One of the first thoughts that we had was to use Azure Data Factory with the Databricks Delta connector. This would be the simplest as we would simply need a Copy Data activity in the pipeline with two linked services. The source would be a Delta Lake linked service to eastus tables and the sink would be another Delta Lake linked service to westus table. This solution faced two practical issues:

  1. The source table was not a Delta table. This prevented the use of Delta Lake linked service as source.
  2. When sink for copy activity is a not a blob or ADLS, it requires us to use a staging storage blob. While we were able to link a staging storage blob, the connection could not be established due to authentication errors during execution. The pipeline error looked like the following:
Operation on target moveBlobToADB failed: ErrorCode=AzureDatabricksCommandError,Hit an error when running the command in Azure Databricks. Error details: shaded.databricks.org.apache.hadoop.fs.azure.AzureException: shaded.databricks.org.apache.hadoop.fs.azure.AzureException: Unable to access container adf-staging in account xxx.blob.core.windows.net using anonymous credentials, and no credentials found for them in the configuration. Caused by: shaded.databricks.org.apache.hadoop.fs.azure.AzureException: Unable to access container adf-staging in account xxx.blob.core.windows.net using anonymous credentials, and no credentials found for them in the configuration. Caused by: hadoop_azure_shaded.com.microsoft.azure.storage.StorageException: Public access is not permitted on this storage account..

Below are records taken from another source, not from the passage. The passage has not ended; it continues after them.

(* Let $m\ge n$, $1\le r\le n$, $\delta=r/n$, $\mu\in[0,1)$, $\tau\in\mathbb{Z}_{\ge1}$, $\eta>0$, and suppose Assumption (A3) holds. Then the momentum iterates $\bm m_t$ of PowerSGD+ with MSGD satisfy, for every $t\ge0$, $$\mathbb{E}\|\bm m_t\|_F^2\le\frac{92\tau^2G^2}{(1-\mu)^2\delta^2}.$$
   Context: Setting: $N$ nodes jointly minimize $f(\bm{X})=\frac1N\sum_{i=1}^N f_i(\bm{X})$ over $\bm{X}\in\mathbb{R}^{m\times n}$, where $f_i(\bm{X})=\mathbb{E}_{\xi^{(i)}\sim\mathcal{D}_i}[F(\bm{X};\xi^{(i)})]$; node $i$ queries stochastic gradients $\nabla F(\bm{X};\xi^{(i)})$, sampled independently across nodes and iterations. Assumption (A3): $\|\nabla f(\bm{X})\|_F^2\le\omega^2$ for all $\bm X$, and $\mathbb{E}\|\frac1N\sum_{i=1}^N\nabla F(\bm{X};\xi^{(i)})\|_F^2\le G^2:=\sigma^2+\omega^2$ for all $\bm X$, where $\sigma^2$ bounds the variance $\mathbb{E}\|\nabla F(\bm{X};\xi^{(i)})-\nabla f_i(\bm{X})\|_F^2$ for all $i$ and $\bm X$. $\mathrm{QR}(\bm A)$, for $\bm A\in\mathbb{R}^{m\times r}$, denotes the factor $\bm Q\in\mathbb{R}^{m\times r}$ with $\bm Q^\top\bm Q=I_r$ of an economic QR decomposition $\bm A=\bm Q\bm R$. PowerSGD+ with MSGD (step size $\eta$, momentum $\mu$, restart period $\tau$, rank $r$): initialize $\bm X_0$, $\bm Q_{-1}\in\mathbb{R}^{n\times r}$, $\bm m_{-1}=0$, $\bm e_0^{(i)}=0$. For $t=0,1,\dots$: each node computes $\bm g_t^{(i)}=\nabla F(\bm X_t;\xi_t^{(i)})$ and $\bm\Delta_t^{(i)}=\bm g_t^{(i)}+\bm e_t^{(i)}$; let $\bm\Delta_t=\frac1N\sum_i\bm\Delta_t^{(i)}$. If $t\not\equiv0\pmod\tau$: $\tilde{\bm P}_t=\mathrm{QR}\big(\frac1N\sum_i\bm\Delta_t^{(i)}\bm Q_{t-1}\big)$; if $t\equiv0\pmod\tau$: $\tilde{\bm P}_t$ is the matrix of the top-$r$ left singular vectors of $\bm\Delta_t$. In both cases $\bm Q_t=\frac1N\sum_i(\bm\Delta_t^{(i)})^\top\tilde{\bm P}_t$, $\widehat{\bm\Delta}_t^{(i)}=\tilde{\bm P}_t\tilde{\bm P}_t^\top\bm\Delta_t^{(i)}$, $\widehat{\bm\Delta}_t=\tilde{\bm P}_t\bm Q_t^\top$, $\bm e_{t+1}^{(i)}=\bm\Delta_t^{(i)}-\widehat{\bm\Delta}_t^{(i)}$, $\bm m_t=\mu\bm m_{t-1}+\widehat{\bm\Delta}_t$, $\bm X_{t+1}=\bm X_t-\eta\bm m_t$. *)

theory Defs
  imports "HOL-Analysis.Analysis" "HOL-Probability.Probability"
begin

text \<open>Matrices in R^{a x b} are represented as real^'b^'a (rows indexed by 'a).
  The library norm on this type is the Frobenius norm and the inner product is the
  Frobenius inner product.\<close>

definition is_QR_factor :: "real^('r::{finite,linorder})^'m \<Rightarrow> real^('r::{finite,linorder})^'m \<Rightarrow> bool" where
  "is_QR_factor A Q \<longleftrightarrow> transpose Q ** Q = mat 1 \<and>
     (\<exists>R :: real^('r::{finite,linorder})^('r::{finite,linorder}). (\<forall>i j. j < i \<longrightarrow> R $ i $ j = 0) \<and> A = Q ** R)"

definition is_top_left_sv :: "real^'n^'m \<Rightarrow> real^'r^'m \<Rightarrow> bool" where
  "is_top_left_sv D P \<longleftrightarrow>
     (\<exists>(U :: real^'n^'m) (V :: real^'n^'n) (s :: 'n \<Rightarrow> real) (emb :: 'r \<Rightarrow> 'n).
        transpose U ** U = mat 1 \<and> transpose V ** V = mat 1 \<and> V ** transpose V = mat 1 \<and>
        (\<forall>k. 0 \<le> s k) \<and>
        D = U ** (\<chi> i j. if i = j then s i else 0) ** transpose V \<and>
        inj emb \<and> (\<forall>a j. P $ a $ j = U $ a $ emb j) \<and>
        (\<forall>j k. k \<notin> range emb \<longrightarrow> s k \<le> s (emb j)))"
(* In the FIND setting of the context, let $\mathcal C_r$ and $\mathcal C_s$ be leaf clusters of $\mathcal T$, choose consistent orderings of $\mathcal T_r^+$ and $\mathcal T_s^+$, and let $\boldsymbol\Sigma_{r,g+}$, $\boldsymbol\Sigma_{s,g+}$ denote the matrices produced by the elimination process for target $r$ and target $s$. Then for every cluster $\mathcal C_i$ that is a node of both $\mathcal T_r^+$ and $\mathcal T_s^+$, $$\boldsymbol\Sigma_{r,i+}(\mathcal B_i,\mathcal B_i)=\boldsymbol\Sigma_{s,i+}(\mathcal B_i,\mathcal B_i).$$
   Context: Setting (FIND). $\mathcal M$ is a finite set of mesh nodes; $\mathbf A$ is an invertible complex matrix indexed by $\mathcal M\times\mathcal M$, structurally symmetric ($A_{ij}\neq0\iff A_{ji}\neq0$); distinct nodes $i,j$ are connected if $A_{ij}\neq 0$. $\boldsymbol\Sigma$ is a complex matrix indexed by $\mathcal M\times\mathcal M$ with $\Sigma_{ij}=0$ whenever $i\neq j$ and $i,j$ are not connected. Matrices are indexed by $\mathcal M$ itself (the ordering only determines the sequence of eliminations). $\dagger$ is conjugate transpose, $\mathbf X^{-\dagger}=(\mathbf X^{-1})^\dagger$. $\mathbf X(X,Y)$ is the submatrix with rows in $X$, columns in $Y$. For a cluster $\mathcal C\subseteq\mathcal M$: boundary set $\mathcal B_{\mathcal C}=\{i\in\mathcal C: A_{ij}\neq 0\text{ for some } j\notin\mathcal C\}$, inner set $\mathcal I_{\mathcal C}=\mathcal C\setminus\mathcal B_{\mathcal C}$; for $\mathcal C_g$ write $\mathcal B_g,\mathcal I_g$. Cluster tree: $\mathcal T$ is a rooted binary tree of clusters with root $\mathcal M$, each non-leaf cluster the disjoint union of its two children. For a leaf $\mathcal C_r$ with path $r=a_0,\dots,a_d$ (root) and $b_k$ the sibling of $a_k$, the augmented tree $\mathcal T_r^+$ has root $\mathcal C_{-r}=\mathcal M\setminus\mathcal C_r$; for $0\le k\le d-2$, $\mathcal C_{-a_k}=\mathcal M\setminus\mathcal C_{a_k}$ has children $\mathcal C_{b_k}$ and $\mathcal C_{-a_{k+1}}$, with $\mathcal C_{-a_{d-1}}$ identified with $\mathcal C_{b_{d-1}}$; each basic cluster $\mathcal C_{b_k}$ carries its subtree from $\mathcal T$. (A cluster common to two augmented trees has the same subtree in both.) Private inner nodes: $\mathcal S_g=\mathcal I_g$ for a leaf $g$ of an augmented tree; $\mathcal S_g=\mathcal I_g\setminus(\mathcal I_i\cup\mathcal I_j)$ if $g$ has children $i,j$. Consistent ordering: a total order $g_1,\dots,g_m$ of the nodes of $\mathcal T_r^+$ with every node after all its descendants. Elimination for target $r$: $\mathbf A_{r,g_1}=\mathbf A$, $\boldsymbol\Sigma_{r,g_1}=\boldsymbol\Sigma$; for each $g$ (with $\mathbf A_{r,g}(\mathcal S_g,\mathcal S_g)$ invertible), $\mathcal L_g=\mathbf A_{r,g}(\mathcal B_g,\mathcal S_g)\mathbf A_{r,g}(\mathcal S_g,\mathcal S_g)^{-1}$, $\mathbf L_g$ is the identity on $\mathcal M$ except $\mathbf L_g(\mathcal B_g,\mathcal S_g)=\mathcal L_g$, $\mathbf A_{r,g+}=\mathbf L_g^{-1}\mathbf A_{r,g}$, $\boldsymbol\Sigma_{r,g+}=\mathbf L_g^{-1}\boldsymbol\Sigma_{r,g}\mathbf L_g^{-\dagger}$, and $\mathbf A_{r,g_{t+1}}=\mathbf A_{r,g_t+}$, $\boldsymbol\Sigma_{r,g_{t+1}}=\boldsymbol\Sigma_{r,g_t+}$. Thus $\boldsymbol\Sigma_{r,i+}$ is the matrix just after eliminating $\mathcal S_i$. *)

theory Defs
  imports Complex_Main
begin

On digging deeper, this requirement is documented as a prerequisite. We wanted to use the Access Key method but it requires the keys to be added into Azure Databricks cluster configuration. We didn’t have access to modify the ADB cluster configuration.

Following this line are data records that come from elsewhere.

lemma char_mod_cong:
  assumes "N > 0" "[x = y] (mod int N)"
  shows "char_mod N x = char_mod N y"
proof -
  have "char_mod N x = char_mod N y * char_mod N (x - y)"
    by (simp flip: char_mod_add)
  also have "char_mod N (x - y) = 1"
    using assms by (simp add: char_mod_eq_1_iff cong_iff_dvd_diff)
  finally show ?thesis by simp
qed

lemma sum_eq_0_if_twisted:
  fixes f :: "'a \<Rightarrow> 'b::idom"
  assumes "finite A" "s ` A \<subseteq> A" "inj_on s A" "\<And>x. x \<in> A \<Longrightarrow> f (s x) = c * f x" "c \<noteq> 1"
  shows "sum f A = 0"
proof -
  have "sum f A = sum f (s ` A)" using endo_inj_surj[OF assms(1-3)] by simp
  also have "\<dots> = sum (f \<circ> s) A" using sum.reindex[OF assms(3)] by simp
  also have "\<dots> = c * sum f A" using assms(4) by (simp add: sum_distrib_left)
  finally have "(c - 1) * sum f A = 0" by (simp add: algebra_simps)
  with assms(5) show ?thesis by simp
qed

lemma linear_congruence_unique_coordinate:
  fixes c x y :: "nat \<Rightarrow> int" and M :: int
  assumes "k < n" "\<And>l. l < n \<Longrightarrow> l \<noteq> k \<Longrightarrow> x l = y l"
    and "M dvd (\<Sum>l<n. c l * x l)" "M dvd (\<Sum>l<n. c l * y l)" "coprime (c k) M"
    and "x k \<in> {0..<M}" "y k \<in> {0..<M}"
  shows "x k = y k"
proof -
  have "(\<Sum>l<n. c l * x l) - (\<Sum>l<n. c l * y l) = (\<Sum>l<n. c l * (x l - y l))"
    by (simp add: sum_subtractf right_diff_distrib)
  also have "\<dots> = (\<Sum>l<n. if l = k then c k * (x k - y k) else 0)"
    using assms(2) by (intro sum.cong) auto
  also have "\<dots> = c k * (x k - y k)" using assms(1) by simp
  finally have "M dvd c k * (x k - y k)" using assms(3,4) by (metis dvd_diff)
  then have "[x k = y k] (mod M)"
    using assms(5) by (simp add: cong_iff_dvd_diff coprime_commute coprime_dvd_mult_right_iff)
  then show ?thesis using assms(6,7) cong_less_imp_eq_int by auto
qed

lemma card_le_if_determined_on:
  assumes "finite Q" "finite B" "\<And>X q. X \<in> F \<Longrightarrow> q \<in> Q \<Longrightarrow> X q \<in> B"
    and "\<And>X Y. X \<in> F \<Longrightarrow> Y \<in> F \<Longrightarrow> (\<And>q. q \<in> Q \<Longrightarrow> X q = Y q) \<Longrightarrow> X = Y"
  shows "card F \<le> card B ^ card Q"
proof -
  have "inj_on (\<lambda>X. restrict X Q) F"
  proof (rule inj_onI)
    fix X Y assume X: "X \<in> F" and Y: "Y \<in> F" and eq: "restrict X Q = restrict Y Q"
    show "X = Y"
    proof (rule assms(4)[OF X Y])
      fix q assume "q \<in> Q"
      then show "X q = Y q" using fun_cong[OF eq, of q] by simp
    qed
  qed
  moreover have "(\<lambda>X. restrict X Q) ` F \<subseteq> Q \<rightarrow>\<^sub>E B" using assms(3) by auto
  ultimately have "card F \<le> card (Q \<rightarrow>\<^sub>E B)"
    using assms(1,2) by (intro card_inj_on_le finite_PiE) auto
  also have "\<dots> = card B ^ card Q" using assms(1) by (simp add: card_PiE)
  finally show ?thesis .
qed

definition residue_matrices :: "nat \<Rightarrow> nat \<Rightarrow> (nat \<times> nat \<Rightarrow> int) set" where
  "residue_matrices n N = ({..<n} \<times> {..<n}) \<rightarrow>\<^sub>E {0..<int N}"

definition singular_mod :: "nat \<Rightarrow> nat \<Rightarrow> (nat \<times> nat \<Rightarrow> int) set" where
  "singular_mod n N = {X \<in> residue_matrices n N. int N dvd det_n n X}"

definition lin_form :: "nat \<Rightarrow> (nat \<times> nat \<Rightarrow> int) \<Rightarrow> (nat \<times> nat \<Rightarrow> int) \<Rightarrow> int" where
  "lin_form n a X = (\<Sum>ij \<in> {..<n} \<times> {..<n}. a ij * X ij)"

lemma S_sum_eq: "S_sum n p a = (\<Sum>X\<in>singular_mod n (p\<^sup>2). char_mod (p\<^sup>2) (lin_form n a X))"
  by (simp add: S_sum_def singular_mod_def residue_matrices_def char_mod_def lin_form_def)

lemma finite_residue_matrices: "finite (residue_matrices n N)"
  unfolding residue_matrices_def by (intro finite_PiE) auto

lemma finite_singular_mod: "finite (singular_mod n N)"
  by (rule finite_subset[OF _ finite_residue_matrices]) (auto simp: singular_mod_def)

lemma residue_matrices_entry:
  assumes "X \<in> residue_matrices n N" "j < n" "l < n"
  shows "X (j, l) \<in> {0..<int N}"
  using PiE_mem[OF assms(1)[unfolded residue_matrices_def], of "(j, l)"] assms(2,3) by simp

definition shift_row ::
    "nat \<Rightarrow> nat \<Rightarrow> nat \<Rightarrow> (nat \<Rightarrow> int) \<Rightarrow> (nat \<times> nat \<Rightarrow> int) \<Rightarrow> nat \<times> nat \<Rightarrow> int" where
  "shift_row n N i h X = upd_row i X (\<lambda>l. if l < n then (X (i, l) + h l) mod int N else X (i, l))"

definition other_rows :: "nat \<Rightarrow> nat \<Rightarrow> (nat \<times> nat \<Rightarrow> int) \<Rightarrow> nat \<times> nat \<Rightarrow> int" where
  "other_rows n i X = restrict X (({..<n} - {i}) \<times> {..<n})"

definition fibre :: "nat \<Rightarrow> nat \<Rightarrow> nat \<Rightarrow> (nat \<times> nat \<Rightarrow> int) \<Rightarrow> (nat \<times> nat \<Rightarrow> int) set" where
  "fibre n N i y = {X \<in> singular_mod n N. other_rows n i X = y}"

definition orth_rows :: "nat \<Rightarrow> nat \<Rightarrow> nat \<Rightarrow> (nat \<times> nat \<Rightarrow> int) \<Rightarrow> (nat \<times> nat \<Rightarrow> int) set" where
  "orth_rows n N i a = {y \<in> (({..<n} - {i}) \<times> {..<n}) \<rightarrow>\<^sub>E {0..<int N}.
     \<forall>m<n. m \<noteq> i \<longrightarrow> int N dvd (\<Sum>k<n. a (i, k) * y (m, k))}"

lemma finite_fibre: "finite (fibre n N i y)"
  by (rule finite_subset[OF _ finite_singular_mod]) (auto simp: fibre_def)

lemma other_rows_eqD:
  "other_rows n i X = other_rows n i Y \<Longrightarrow> j < n \<Longrightarrow> j \<noteq> i \<Longrightarrow> l < n \<Longrightarrow> X (j, l) = Y (j, l)"
  unfolding other_rows_def by (drule fun_cong[of _ _ "(j, l)"]) auto

lemma other_rows_mem:
  assumes "X \<in> residue_matrices n N"
  shows "other_rows n i X \<in> (({..<n} - {i}) \<times> {..<n}) \<rightarrow>\<^sub>E {0..<int N}"
  unfolding other_rows_def restrict_PiE_iff using residue_matrices_entry[OF assms] by auto

lemma other_rows_in_orth_rows_iff:
  assumes "X \<in> residue_matrices n N"
  shows "other_rows n i X \<in> orth_rows n N i a
    \<longleftrightarrow> (\<forall>m<n. m \<noteq> i \<longrightarrow> int N dvd (\<Sum>k<n. a (i, k) * X (m, k)))"
  using assms by (auto simp: orth_rows_def other_rows_def residue_matrices_def)

lemma cofactor_fibre:
  "X \<in> fibre n N i y \<Longrightarrow> Y \<in> fibre n N i y \<Longrightarrow> cofactor n i X k = cofactor n i Y k"
  by (intro cofactor_cong other_rows_eqD[of n i]) (auto simp: fibre_def)

lemma fibre_row_congruence:
  assumes "i < n" "X0 \<in> fibre n N i y" "X \<in> fibre n N i y"
  shows "int N dvd (\<Sum>l<n. cofactor n i X0 l * X (i, l))"
  using assms det_n_row_expansion[OF assms(1), of X] cofactor_fibre[OF assms(3,2)]
  by (simp add: fibre_def singular_mod_def mult.commute)

lemma fibre_eqI:
  assumes "X \<in> fibre n N i y" "Y \<in> fibre n N i y" "\<And>l. l < n \<Longrightarrow> X (i, l) = Y (i, l)"
  shows "X = Y"
proof (rule PiE_ext)
  show "X \<in> ({..<n} \<times> {..<n}) \<rightarrow>\<^sub>E {0..<int N}" "Y \<in> ({..<n} \<times> {..<n}) \<rightarrow>\<^sub>E {0..<int N}"
    using assms(1,2) by (auto simp: fibre_def singular_mod_def residue_matrices_def)
  show "X q = Y q" if "q \<in> {..<n} \<times> {..<n}" for q
    using that assms other_rows_eqD[of n i X Y] by (cases "fst q = i") (auto simp: fibre_def)
qed

lemma other_rows_shift_row: "other_rows n i (shift_row n N i h X) = other_rows n i X"
  unfolding other_rows_def shift_row_def upd_row_def by (auto simp: fun_eq_iff)

lemma shift_row_in_residue_matrices:
  "N > 0 \<Longrightarrow> i < n \<Longrightarrow> X \<in> residue_matrices n N \<Longrightarrow> shift_row n N i h X \<in> residue_matrices n N"
  unfolding residue_matrices_def shift_row_def upd_row_def
  by (auto simp: PiE_def extensional_def Pi_def)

To work with this, we found the following alternatives:

  1. Use Databricks notebook to read data from non-Delta Tables in Databricks. The data can be stored in a staging Blob Storage.
  2. To upload the data into the destination table, we will again need to use a Databricks notebook as we are not able to modify the cluster configuration.

Here is the solution we came up with:

In this architecture, the ADB 1 notebook is reading data from Databricks Table A.1 and storing it in the staging blob storage in the parquet format. Only specific users are allowed to access eastus data tables, so the notebook has to be run in their account. The linked service configuration of the Azure Databricks notebook requires us to manually specify: workspace URL, cluster ID and personal access token. All the data transfer is in the same region so no bandwidth charges accrue.

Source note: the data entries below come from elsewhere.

lemma pt_k_eq_enatE:
  assumes "pt_k V E k = enat p"
  obtains B fs where "B \<subseteq> V" "card B = k" "chron_list V E B fs"
    "blue_by_time V E B (set fs) p = V"
proof -
  from assms obtain B where "B \<in> {B. B \<subseteq> V \<and> card B = k}" and pt_B: "pt_set V E B = enat p"
    unfolding pt_k_def by (rule INF_eq_enatE)
  then have B: "B \<subseteq> V" "card B = k"
    by simp_all
  from pt_B have "(INF F \<in> sets_of_forces V E B. pt_forces V E B F) = enat p"
    unfolding pt_set_def by (simp split: if_splits)
  then obtain F where "F \<in> sets_of_forces V E B" and pt_F: "pt_forces V E B F = enat p"
    by (rule INF_eq_enatE)
  then obtain fs where fs: "chron_list V E B fs" "F = set fs"
    by (auto simp: sets_of_forces_def)
  from pt_F have "\<exists>t. blue_by_time V E B F t = V"
    unfolding pt_forces_def by (auto split: if_splits)
  with pt_F have "p = (LEAST t. blue_by_time V E B F t = V)"
    unfolding pt_forces_def by simp
  moreover from \<open>\<exists>t. blue_by_time V E B F t = V\<close>
  have "blue_by_time V E B F (LEAST t. blue_by_time V E B F t = V) = V"
    by (rule LeastI_ex)
  ultimately have "blue_by_time V E B F p = V"
    by simp
  with that[OF B fs(1)] fs(2) show thesis
    by simp
qed

lemma card_add_vertex_connectivity_le_pt_k:
  assumes "simple_graph V E" "k < card V" "pt_k V E k = enat p"
  shows "card V + vertex_connectivity V E \<le> 2 * (k * p)"
proof -
  obtain B fs where B: "B \<subseteq> V" "card B = k" and fs: "chron_list V E B fs"
    "blue_by_time V E B (set fs) p = V"
    using assms(3) by (rule pt_k_eq_enatE)
  show ?thesis
    using card_add_vertex_connectivity_le[OF assms(1) B(1) _ finite_set
        chron_list_inj_on_forces[OF fs(1)] fs(2)] B(2) assms(2)
    by simp
qed

lemma enat_le_th_star:
  assumes "\<And>k p. k < card V \<Longrightarrow> pt_k V E k = enat p \<Longrightarrow> c \<le> k * p"
  shows "enat c \<le> th_star V E"
  unfolding th_star_def
proof (rule INF_greatest)
  fix k assume "k \<in> {k. hopping_number V E \<le> k \<and> k < card V}"
  then show "enat c \<le> (if pt_k V E k = \<infinity> then \<infinity> else enat k * pt_k V E k)"
    using assms[of k] by (cases "pt_k V E k") auto
qed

Next the Databricks ADB 2 notebook is accesses the parquet file in the blob storage and loads the data in the Databricks Delta Table A.2.

The above sequence is managed by the Azure Data Factory and we are using Run ID as filenames (declared as parameters) on the storage account. This pipeline is configured to be run daily.

The daily run of the pipeline would lead to a lot of data in the Azure Storage blob as we don’t have any step that cleans up the staging files. We have used the Azure Storage Blob lifecycle management to delete all files not modified for 15 days to be deleted automatically.